Dr. Chad: This is Dr. Chad: Edwards and you’re listening to podcast 26 of Against the Grain. Are you tired and fatigued? Are you frustrated with doctors because they just don’t seem to listen? Do you want to fix your pain without surgery? If you answered yes to any of these questions, then we are the clinic for you.
We offer Tulsa prolotherapy, PRP or platelet rich plasma therapy and stem cell injections, IV nutritional therapies, bioidentical hormone replacement therapy, and functional medicine to get you back on track to optimal health. Call our clinic at 918 935-3636 or visit our website at www.revolutionhealth.org to schedule your appointment today.
Speaker 2: Welcome to Against the Grain Podcast with Dr. Chad: Edwards, where he challenges the status quo when it comes to medicine. We get into hot topics in the medical field with real stories from real patients to help you on your way to a healthy lifestyle. Get ready, because we’re about to go against the grain.
Marshall: Hello, hello. This is Marshall Morris here and today I’m joined by Dr. Chad: Edwards, who believes that 80% of medical recommendations are crap, technically speaking here. He’s the author of Revolutionize Your Health with Customized Supplements and he served in the US Army for 23 years as both an enlisted soldier and as an officer as a physician.
He graduated from Medical School at Oklahoma State University, and he is the founder of revolutionhealth.org and Against the Grain podcast. Dr. Chad: Edwards, thank you for joining us today.
Dr. Chad: Brother Marshall, how are you today?
Marshall: I’m doing exceptionally well. I had the 23 flavors of a Dr. Pepper earlier, so I feel pretty good.
Dr. Chad: That’s awesome. You know, I don’t drink soda or pop often but when I do, I like Dr. Pepper.
Marshall: Okay, there you go. There you go. What are we talking about today? What are we covering for all the listeners out there?
Dr.

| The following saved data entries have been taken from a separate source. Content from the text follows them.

lemma (in prob_space) prob_RDI_diff_le_ge:
  fixes Y :: "'a \<Rightarrow> nat \<Rightarrow> real"
  assumes K: "0 < K" and Y_meas: "\<And>k. k < K \<Longrightarrow> (\<lambda>\<omega>. Y \<omega> k) \<in> borel_measurable M"
  shows "1 - (\<Sum>k<K. prob {\<omega> \<in> space M. t \<le> \<bar>Y \<omega> k - c k\<bar>})
           \<le> prob {\<omega> \<in> space M. \<bar>RDI K (Y \<omega>) - RDI K c\<bar> \<le> 2 * t}"
proof (rule prob_superset_of_compl_UNION_ge)
  show "(\<lambda>k. {\<omega> \<in> space M. t \<le> \<bar>Y \<omega> k - c k\<bar>}) ` {..<K} \<subseteq> events"
    using Y_meas by auto
  show "{\<omega> \<in> space M. \<bar>RDI K (Y \<omega>) - RDI K c\<bar> \<le> 2 * t} \<in> events"
    using Y_meas unfolding RDI_def by measurable
  show "space M - (\<Union>k\<in>{..<K}. {\<omega> \<in> space M. t \<le> \<bar>Y \<omega> k - c k\<bar>})
          \<subseteq> {\<omega> \<in> space M. \<bar>RDI K (Y \<omega>) - RDI K c\<bar> \<le> 2 * t}"
  proof
    fix \<omega> assume \<omega>: "\<omega> \<in> space M - (\<Union>k\<in>{..<K}. {\<omega> \<in> space M. t \<le> \<bar>Y \<omega> k - c k\<bar>})"
    then have "\<bar>Y \<omega> k - c k\<bar> \<le> t" if "k < K" for k
      using that by force
    then show "\<omega> \<in> {\<omega> \<in> space M. \<bar>RDI K (Y \<omega>) - RDI K c\<bar> \<le> 2 * t}"
      using \<omega> RDI_diff_le[OF K] by simp
  qed
qed simp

Chad: Well, I’ll tell you, this is a subject that is important to a lot of men, and actually can be important to a lot of women as well because there is some implication with them. And we’re talking about erectile dysfunction.
Marshall: Oh, wow.
Dr. Chad: So, not being able to get it up.

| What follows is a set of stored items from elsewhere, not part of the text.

lemma sig_cls_eq_if_mem:
  assumes t: "sig_trip C Xs Ys (psi, f, phi)" and mem: "(psi1, f1, phi1) \<in> sig_cls C Xs Ys (psi, f, phi)"
  shows "sig_cls C Xs Ys (psi1, f1, phi1) = sig_cls C Xs Ys (psi, f, phi)"
proof -
  have t: "injm (length Xs) phi" "injm (length Ys) psi" "f \<in> hom C (phis C phi Xs) (phis C psi Ys)"
    using t by (auto simp: sig_trip_def)
  have mem: "injm (length Xs) phi1" "injm (length Ys) psi1"
    "f1 = ccomp C (brks C psi1 psi Ys) (ccomp C f (brks C phi phi1 Xs))"
    using mem by (auto simp: mem_sig_cls_iff)
  have "ccomp C (brks C psi' psi1 Ys) (ccomp C f1 (brks C phi1 phi' Xs)) =
      ccomp C (brks C psi' psi Ys) (ccomp C f (brks C phi phi' Xs))"
    if phi': "injm (length Xs) phi'" and psi': "injm (length Ys) psi'" for psi' phi'
  proof -
    note h1 = brks_hom[OF Xs phi' mem(1)] and h2 = brks_hom[OF Xs mem(1) t(1)]
      and h3 = brks_hom[OF Ys t(2) mem(2)] and h4 = brks_hom[OF Ys mem(2) psi']
    have "ccomp C f1 (brks C phi1 phi' Xs) =
        ccomp C (brks C psi1 psi Ys) (ccomp C (ccomp C f (brks C phi phi1 Xs)) (brks C phi1 phi' Xs))"
      unfolding mem(3) by (rule cat_comp_assoc[OF cat h1 cat_comp_hom[OF cat h2 t(3)] h3, symmetric])
    also have "ccomp C (ccomp C f (brks C phi phi1 Xs)) (brks C phi1 phi' Xs) = ccomp C f (brks C phi phi' Xs)"
      using cat_comp_assoc[OF cat h1 h2 t(3), symmetric] brks_comp[OF Xs phi' mem(1) t(1)] by simp
    finally have "ccomp C f1 (brks C phi1 phi' Xs) = ccomp C (brks C psi1 psi Ys) (ccomp C f (brks C phi phi' Xs))" .
    moreover have "ccomp C f (brks C phi phi' Xs) \<in> hom C (phis C phi' Xs) (phis C psi Ys)"
      by (rule cat_comp_hom[OF cat brks_hom[OF Xs phi' t(1)] t(3)])
    ultimately show ?thesis
      using cat_comp_assoc[OF cat _ h3 h4] brks_comp[OF Ys t(2) mem(2) psi'] by simp
  qed
  then show ?thesis
    by (auto simp: sig_cls_def)
qed

end

lemma is_sig_cls_rep:
  assumes "is_sig_cls C Xs Ys c"
  shows "rep c \<in> c" "sig_trip C Xs Ys (rep c)" "c = sig_cls C Xs Ys (rep c)"
proof -
  have Xs: "set Xs \<subseteq> obj C" and Ys: "set Ys \<subseteq> obj C"
    using assms by (auto simp: is_sig_cls_def)
  obtain psi f phi where t: "sig_trip C Xs Ys (psi, f, phi)" and c: "c = sig_cls C Xs Ys (psi, f, phi)"
    using assms by (auto simp: is_sig_cls_def)
  show "rep c \<in> c"
    using mem_sig_cls_self[OF Xs Ys t] unfolding rep_def c by (rule someI)
  then obtain psi' f' phi' where r: "rep c = (psi', f', phi')" "(psi', f', phi') \<in> sig_cls C Xs Ys (psi, f, phi)"
    using c by (cases "rep c") auto
  show "sig_trip C Xs Ys (rep c)"
    using sig_trip_if_mem_sig_cls[OF Xs Ys t r(2)] r(1) by simp
  show "c = sig_cls C Xs Ys (rep c)"
    using sig_cls_eq_if_mem[OF Xs Ys t r(2)] r(1) c by simp
qed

Marshall: Wow, that’s kind of like a truth cannon there. We’re going to get serious today about Tulsa prolotherapy.
Dr. Chad: That’s right. It’s an important thing. And, you know, I’ve said for a long time — I say kind of tongue-in-cheek, but you know there’s a lot of truth to it. Men come into the medical office, any medical office, for two reasons. One of two reasons it’s because there’s something wrong with their private parts or their wife made them come.

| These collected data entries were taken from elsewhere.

lemma well_nested_run_same_stack:
  assumes "wf_vpa kd A" "well_nested kd w" "run A \<sigma> p w \<sigma>' q"
  shows "\<sigma>' = \<sigma>"
  using assms(2,3)
proof (induction arbitrary: \<sigma> \<sigma>' p q rule: well_nested.induct)
  case well_nested_Nil
  then show ?case by (auto elim: run.cases)
next
  case (well_nested_Neutral c)
  then show ?case
    by (auto elim!: run_Cons_NeutralE[OF assms(1)] elim: run.cases)
next
  case (well_nested_wrap a b v)
  obtain p' g where "run A (g # \<sigma>) p' (v @ [b]) \<sigma>' q"
    using run_Cons_PushE[OF assms(1) well_nested_wrap(1,5)] .
  then obtain \<sigma>1 s where "run A (g # \<sigma>) p' v \<sigma>1 s" "run A \<sigma>1 s [b] \<sigma>' q"
    by (rule run_appendE)
  with well_nested_wrap.IH have "run A (g # \<sigma>) s [b] \<sigma>' q"
    by metis
  then show ?case
    by (auto elim!: run_Cons_PopE[OF assms(1) well_nested_wrap(2)] elim: run.cases)
next
  case (well_nested_append u v)
  then show ?case
    by (metis run_appendE)
qed

definition saturation_step :: "('s, 'a, 'g) vpa \<Rightarrow> ('s \<times> 's) set \<Rightarrow> ('s \<times> 's) set" where
  "saturation_step A S = S \<union> S O S \<union> {(p, q). \<exists>a. (p, a, q) \<in> int_tr A}
     \<union> {(p, q). \<exists>a p' g q' b. (p, a, p', g) \<in> push_tr A \<and> (p', q') \<in> S \<and> (q', b, g, q) \<in> pop_tr A}"

definition summary :: "('s, 'a, 'g) vpa \<Rightarrow> nat \<Rightarrow> ('s \<times> 's) set" where
  "summary A i = (saturation_step A ^^ i) (Id_on (states A))"

lemma summary_0: "summary A 0 = Id_on (states A)"
  by (simp add: summary_def)

lemma summary_Suc: "summary A (Suc i) = saturation_step A (summary A i)"
  by (simp add: summary_def)

lemma saturation_step_inflationary: "S \<subseteq> saturation_step A S"
  unfolding saturation_step_def by blast

lemma summary_mono: "i \<le> j \<Longrightarrow> summary A i \<subseteq> summary A j"
  by (rule lift_Suc_mono_le[of "summary A"]) (simp_all add: summary_Suc saturation_step_inflationary)

lemma saturation_step_states:
  "wf_vpa kd A \<Longrightarrow> S \<subseteq> states A \<times> states A \<Longrightarrow> saturation_step A S \<subseteq> states A \<times> states A"
  unfolding saturation_step_def wf_vpa_def by blast

lemma summary_states: "wf_vpa kd A \<Longrightarrow> summary A i \<subseteq> states A \<times> states A"
  by (induction i) (auto simp: summary_0 summary_Suc dest: saturation_step_states)

lemma summary_imp_run:
  assumes "wf_vpa kd A" "(p, q) \<in> summary A i"
  shows "\<exists>u. well_nested kd u \<and> (\<forall>\<sigma>. run A \<sigma> p u \<sigma> q) \<and> length u \<le> 2 ^ (i + 1)"
  using assms(2)
proof (induction i arbitrary: p q)
  case 0
  then show ?case
    by (intro exI[of _ "[]"]) (auto simp: summary_0 well_nested_Nil intro: run.intros)
next
  case (Suc i)
  have "(p, q) \<in> saturation_step A (summary A i)"
    using Suc.prems by (simp add: summary_Suc)
  then consider "(p, q) \<in> summary A i"
    | s where "(p, s) \<in> summary A i" "(s, q) \<in> summary A i"
    | a where "(p, a, q) \<in> int_tr A"
    | a p' g q' b where "(p, a, p', g) \<in> push_tr A" "(p', q') \<in> summary A i" "(q', b, g, q) \<in> pop_tr A"
    unfolding saturation_step_def by blast
  then show ?case
  proof cases
    case 1
    then show ?thesis
      using Suc.IH by fastforce
  next
    case 2
    then obtain u v where "well_nested kd u" "\<forall>\<sigma>. run A \<sigma> p u \<sigma> s" "length u \<le> 2 ^ (i + 1)"
      "well_nested kd v" "\<forall>\<sigma>. run A \<sigma> s v \<sigma> q" "length v \<le> 2 ^ (i + 1)"
      using Suc.IH by meson
    then show ?thesis
      by (intro exI[of _ "u @ v"]) (auto intro: well_nested_append run_append)
  next
    case 3
    then have "kd a = Neutral"
      using assms(1) by (auto simp: wf_vpa_def)
    then show ?thesis
      using 3 by (intro exI[of _ "[a]"]) (auto intro: well_nested_Neutral run.intros)
  next
    case 4
    then have "kd a = Push" "kd b = Pop"
      using assms(1) by (auto simp: wf_vpa_def)
    obtain v where v: "well_nested kd v" "\<forall>\<sigma>. run A \<sigma> p' v \<sigma> q'" "length v \<le> 2 ^ (i + 1)"
      using Suc.IH 4(2) by blast
    have "run A \<sigma> p (a # v @ [b]) \<sigma> q" for \<sigma>
    proof -
      have "run A (g # \<sigma>) q' [b] \<sigma> q"
        using 4(3) by (auto intro: run.intros)
      with v(2) have "run A (g # \<sigma>) p' (v @ [b]) \<sigma> q"
        by (blast intro: run_append)
      with 4(1) show ?thesis
        by (rule run_push)
    qed
    moreover have "length (a # v @ [b]) \<le> 2 ^ (Suc i + 1)"
      using v(3) by (simp, use one_le_power[of "2::nat" i] in linarith)
    ultimately show ?thesis
      using well_nested_wrap[OF \<open>kd a = Push\<close> \<open>kd b = Pop\<close> v(1)] by blast
  qed
qed

lemma summary_trans:
  assumes "(p, s) \<in> summary A i" "(s, q) \<in> summary A j"
  shows "(p, q) \<in> summary A (Suc (max i j))"
proof -
  have "(p, s) \<in> summary A (max i j)" "(s, q) \<in> summary A (max i j)"
    using assms summary_mono[of _ "max i j" A] by (meson max.cobounded1 max.cobounded2 subsetD)+
  then show ?thesis
    by (auto simp: summary_Suc saturation_step_def)
qed

lemma run_imp_summary:
  assumes "wf_vpa kd A" "well_nested kd w" "run A \<sigma> p w \<sigma> q" "p \<in> states A"
  shows "\<exists>i. (p, q) \<in> summary A i"
  using assms(2-4)
proof (induction arbitrary: \<sigma> p q rule: well_nested.induct)
  case well_nested_Nil
  then have "(p, q) \<in> summary A 0"
    by (auto simp: summary_0 elim: run.cases)
  then show ?case ..
next
  case (well_nested_Neutral c)
  then obtain p' where "(p, c, p') \<in> int_tr A" "run A \<sigma> p' [] \<sigma> q"
    using run_Cons_NeutralE[OF assms(1)] by blast
  then have "(p, q) \<in> summary A 1"
    by (auto simp: summary_Suc saturation_step_def elim: run.cases)
  then show ?case ..
next
  case (well_nested_wrap a b v)
  obtain p' g where push: "(p, a, p', g) \<in> push_tr A" "run A (g # \<sigma>) p' (v @ [b]) \<sigma> q"
    using run_Cons_PushE[OF assms(1) well_nested_wrap(1) well_nested_wrap.prems(1)] .
  then obtain \<sigma>1 s where inner: "run A (g # \<sigma>) p' v \<sigma>1 s" and "run A \<sigma>1 s [b] \<sigma> q"
    by (metis run_appendE)
  moreover have "\<sigma>1 = g # \<sigma>"
    using well_nested_run_same_stack[OF assms(1) well_nested_wrap(3) inner] .
  ultimately obtain q' where pop: "(s, b, g, q') \<in> pop_tr A" "run A \<sigma> q' [] \<sigma> q"
    using run_Cons_PopE[OF assms(1) well_nested_wrap(2)] by blast
  have "p' \<in> states A"
    using assms(1) push(1) by (auto simp: wf_vpa_def)
  then obtain i where "(p', s) \<in> summary A i"
    using well_nested_wrap.IH inner \<open>\<sigma>1 = g # \<sigma>\<close> by blast
  with push(1) pop have "(p, q) \<in> summary A (Suc i)"
    by (auto simp: summary_Suc saturation_step_def elim: run.cases)
  then show ?case ..
next
  case (well_nested_append u v)
  then obtain \<sigma>1 s where first: "run A \<sigma> p u \<sigma>1 s" and "run A \<sigma>1 s v \<sigma> q"
    by (metis run_appendE)
  moreover have "\<sigma>1 = \<sigma>"
    using well_nested_run_same_stack[OF assms(1) well_nested_append(1) first] .
  ultimately obtain i where i: "(p, s) \<in> summary A i" and "run A \<sigma> s v \<sigma> q"
    using well_nested_append.IH(1) well_nested_append.prems(2) by blast
  moreover have "s \<in> states A"
    using i summary_states[OF assms(1)] by blast
  ultimately obtain j where "(s, q) \<in> summary A j"
    using well_nested_append.IH(2) by blast
  with i show ?case
    by (blast intro: summary_trans)
qed

lemma funpow_inflationary_stabilises:
  assumes inflationary: "\<And>X. X \<subseteq> f X"
    and closed: "\<And>X. X \<subseteq> S \<Longrightarrow> f X \<subseteq> S"
    and "X \<subseteq> S" "finite S" "card S \<le> card X + n"
  shows "(f ^^ i) X \<subseteq> (f ^^ n) X"
proof -
  have mono: "(f ^^ i) X \<subseteq> (f ^^ j) X" if "i \<le> j" for i j
    by (rule lift_Suc_mono_le[of "\<lambda>k. (f ^^ k) X", OF _ that]) (simp add: inflationary)
  have bounded: "(f ^^ i) X \<subseteq> S" for i
    by (induction i) (simp_all add: assms(3) closed)
  show ?thesis
  proof (cases "\<exists>k<n. (f ^^ Suc k) X = (f ^^ k) X")
    case True
    then obtain k where k: "k < n" "(f ^^ Suc k) X = (f ^^ k) X"
      by blast
    have fixed: "(f ^^ j) X = (f ^^ k) X" if "k \<le> j" for j
      using that by (induction rule: dec_induct) (use k(2) in simp_all)
    have "(f ^^ i) X \<subseteq> (f ^^ max i k) X"
      by (rule mono) simp
    also have "\<dots> = (f ^^ k) X"
      by (rule fixed) simp
    also have "\<dots> \<subseteq> (f ^^ n) X"
      using k(1) by (intro mono) simp
    finally show ?thesis .
  next
    case False
    have "card X + j \<le> card ((f ^^ j) X)" if "j \<le> n" for j
      using that
    proof (induction j)
      case (Suc j)
      have "(f ^^ j) X \<subset> (f ^^ Suc j) X"
        using False Suc.prems mono[of j "Suc j"] by (auto simp: Suc_le_eq)
      then have "card ((f ^^ j) X) < card ((f ^^ Suc j) X)"
        using bounded \<open>finite S\<close> by (meson finite_subset psubset_card_mono)
      with Suc show ?case by simp
    qed simp
    then have "(f ^^ n) X = S"
      using bounded \<open>finite S\<close> assms(5) by (meson card_seteq order.trans order_refl)
    with bounded show ?thesis by blast
  qed
qed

Dr. Chad: Most of the time it’s one of those two. So if they come in and they say, “You know, I got this cold,” at the end of the appointment you have to say, “Okay, how are your erections?” And they’d say, “Well, now that you bring it up-” and you know they want a prescription for something.
Marshall: There it is, there it is. So, you talk about erectile dysfunction and, at least in terms of marketing, I’ve seen a ton of marketing come up over the past like, maybe five years, 10 years or so.
Dr. Chad: Well, some of that’s probably because now the pharmaceutical industry can do direct-to-consumer marketing, and so they can have commercials and talk about Viagra and Cialis. You know all those commercials that, “If you’ve had an erection for four hours go into the hospital.” And that can truly be a problem, but I think a lot of it has to do with that. But the other pieces — I mean, it’s those drugs are big moneymakers, and they’re big moneymakers because it’s a real problem that a lot of men have and a lot of men suffer from Tulsa prolotherapy.
So, we’re going to get into you know, what do we do about this? What is erectile dysfunction and what can we do about it? So I figured the first half of the show we will talk about erections and what causes erections and what plays into that and then what can go wrong, and then the second half of the show we’ll talk about what we can do about it.
Marshall: Okay. Well, just to understand how big of issue this maybe is, how many people does this affect? Is there like a general statistic here that, you know, in terms of your experience in men coming into the office into the clinic, is it a widespread problem? Is it a very segmented problem? How many people does this affect here?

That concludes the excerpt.